# SerialPort RS232 : java.lang.NoSuchFieldError: eis



## mathieu (3. Dez 2009)

Hi,

ich versuche ein Serial Interface RS232 mit einem Mess Geräte zu programieren. Ich habe in Internet verschidene Beispiel gefunden-

rxtxSerial.dll to [JDK-directory]\jre\bin\rxtxSerial.dll
RXTXcomm.jar to [JDK-directory]\jre\lib\ext\RXTXcomm.jar

Die oben genannte Datei ebenfalls kopiert.
Kompaliert - Gestartet alles OK. 
Dann habe ich versucht, den erste Meswerte zu senden!


Fehler Meldung :
=========================================
Native lib Version = RXTX-2.1-7pre16
Java lib Version   = RXTX-2.1-7
WARNING:  RXTX Version mismatch
        Jar version = RXTX-2.1-7
        native lib Version = RXTX-2.1-7pre16
portname :COM3

Exception in thread "Thread-0" java.lang.NoSuchFieldError: eis
        at gnu.io.RXTXPort.readArray(Native Method)
        at gnu.io.RXTXPort$SerialInputStream.read(RXTXPort.java:1398)
        at gnu.io.RXTXPort$SerialInputStream.read(RXTXPort.java:1287)
        at SimpleRead.serialEvent(SimpleRead.java:80)
        at gnu.io.RXTXPort.sendEvent(RXTXPort.java:732)
        at gnu.io.RXTXPort.eventLoop(Native Method)
        at gnu.io.RXTXPort$MonitorThread.run(RXTXPort.java:1575)
#
# An unexpected error has been detected by Java Runtime Environment:
#
#  EXCEPTION_ACCESS_VIOLATION (0xc0000005) at pc=0x6fd83e72, pid=452, tid=604
#
# Java VM: Java HotSpot(TM) Client VM (11.3-b02 mixed mode, sharing windows-x86)
# Problematic frame:
# C  [rxtxserial.dll+0x3e72]
#
# An error report file with more information is saved as:
# G:\mySLK\test\hs_err_pid452.log
#
# If you would like to submit a bug report, please visit:
#   HotSpot Virtual Machine Error Reporting Page
# The crash happened outside the Java Virtual Machine in native code.
# See problematic frame for where to report the bug.
#

Hat jemand Ahnnung über diese Meldung :java.lang.NoSuchFieldError: eis
Ich verwende ein USB-Adapter

Danke

MfG aus Paris-FR
Mathieu


----------



## PeteM (4. Dez 2009)

Unter Windows : SerielleSchnittstelle.de - Extract!
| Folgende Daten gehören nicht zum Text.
lemma z_lipschitz_at_zero:
  obtains C where "\<forall>\<^sub>F \<mu> in nhds 0. \<forall>p\<in>{p0..0}. \<bar>z \<mu> p - z 0 p\<bar> \<le> \<bar>\<mu>\<bar> * C"
proof -
  obtain K where K: "K \<ge> 0"
    "\<And>\<mu> M p. \<forall>x\<in>{p0..0}. \<bar>z \<mu> x\<bar> \<le> M \<Longrightarrow> p \<in> {p0..0} \<Longrightarrow> \<bar>z \<mu> p - z 0 p\<bar> \<le> \<bar>\<mu>\<bar> * (K * M)"
    using z_diff_le_sup by blast
  obtain M0 where M0: "\<forall>x\<in>{p0..0}. \<bar>z 0 x\<bar> \<le> M0"
    using bounded_on_interval[OF z_cont] by blast
  have "((\<lambda>\<mu>. \<bar>\<mu>\<bar> * K) \<longlongrightarrow> \<bar>0\<bar> * K) (nhds 0)"
    by (intro tendsto_intros filterlim_ident)
  then have "\<forall>\<^sub>F \<mu> in nhds 0. \<bar>\<mu>\<bar> * K < 1/2"
    by (rule order_tendstoD(2)) simp
  then have "\<forall>\<^sub>F \<mu> in nhds 0. \<forall>p\<in>{p0..0}. \<bar>z \<mu> p - z 0 p\<bar> \<le> \<bar>\<mu>\<bar> * (K * (2 * M0))"
  proof (rule eventually_mono, intro ballI)
    fix \<mu> p assume small: "\<bar>\<mu>\<bar> * K < 1/2" and p: "p \<in> {p0..0}"
    obtain m where m: "m \<in> {p0..0}" "\<forall>x\<in>{p0..0}. \<bar>z \<mu> x\<bar> \<le> \<bar>z \<mu> m\<bar>"
      using continuous_attains_sup[of "{p0..0}" "\<lambda>x. \<bar>z \<mu> x\<bar>"] z_cont p0_neg
      by (force intro: continuous_intros)
    have "\<bar>z \<mu> m\<bar> \<le> \<bar>z 0 m\<bar> + (\<bar>\<mu>\<bar> * K) * \<bar>z \<mu> m\<bar>"
      using K(2)[OF m(2) m(1)] by (simp add: mult.assoc)
    also have "\<dots> \<le> M0 + 1/2 * \<bar>z \<mu> m\<bar>"
      using M0 m(1) small by (intro add_mono mult_right_mono) auto
    finally have "\<bar>z \<mu> m\<bar> \<le> 2 * M0" by simp
    then have "\<bar>\<mu>\<bar> * (K * \<bar>z \<mu> m\<bar>) \<le> \<bar>\<mu>\<bar> * (K * (2 * M0))"
      using K(1) by (intro mult_left_mono) auto
    then show "\<bar>z \<mu> p - z 0 p\<bar> \<le> \<bar>\<mu>\<bar> * (K * (2 * M0))" using K(2)[OF m(2) p] by linarith
  qed
  then show ?thesis using that by blast
qed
Serikey! PowerSavingNetwork! - Startseite


----------



## mathieu (4. Dez 2009)

hi, 
danke für den tipps aber ich brauche kein externe programme, weil ich schon eins habe, und der kostenlos ist. -Und es funktionniert Problemlos !
--> DATA-Direct : http://www.artware.it/

Was ich gern wissen wolle: was bedeudet diese Fehler Meldung, EIS? Hat es mit den RXTXComm.jar oder rxtxserial.dll Datei zu tun? Version Problem? Oder VISTA?

Also ein externe Programm möchte ich nicht verwenden. Ich möchte den Messwerte aus COM3 selbst holen und in einem vordefiniert JTextField reinschreiben. Voilà.....

Vielen dank für ihre Hilfe

MfG aus Paris

Mathieu


----------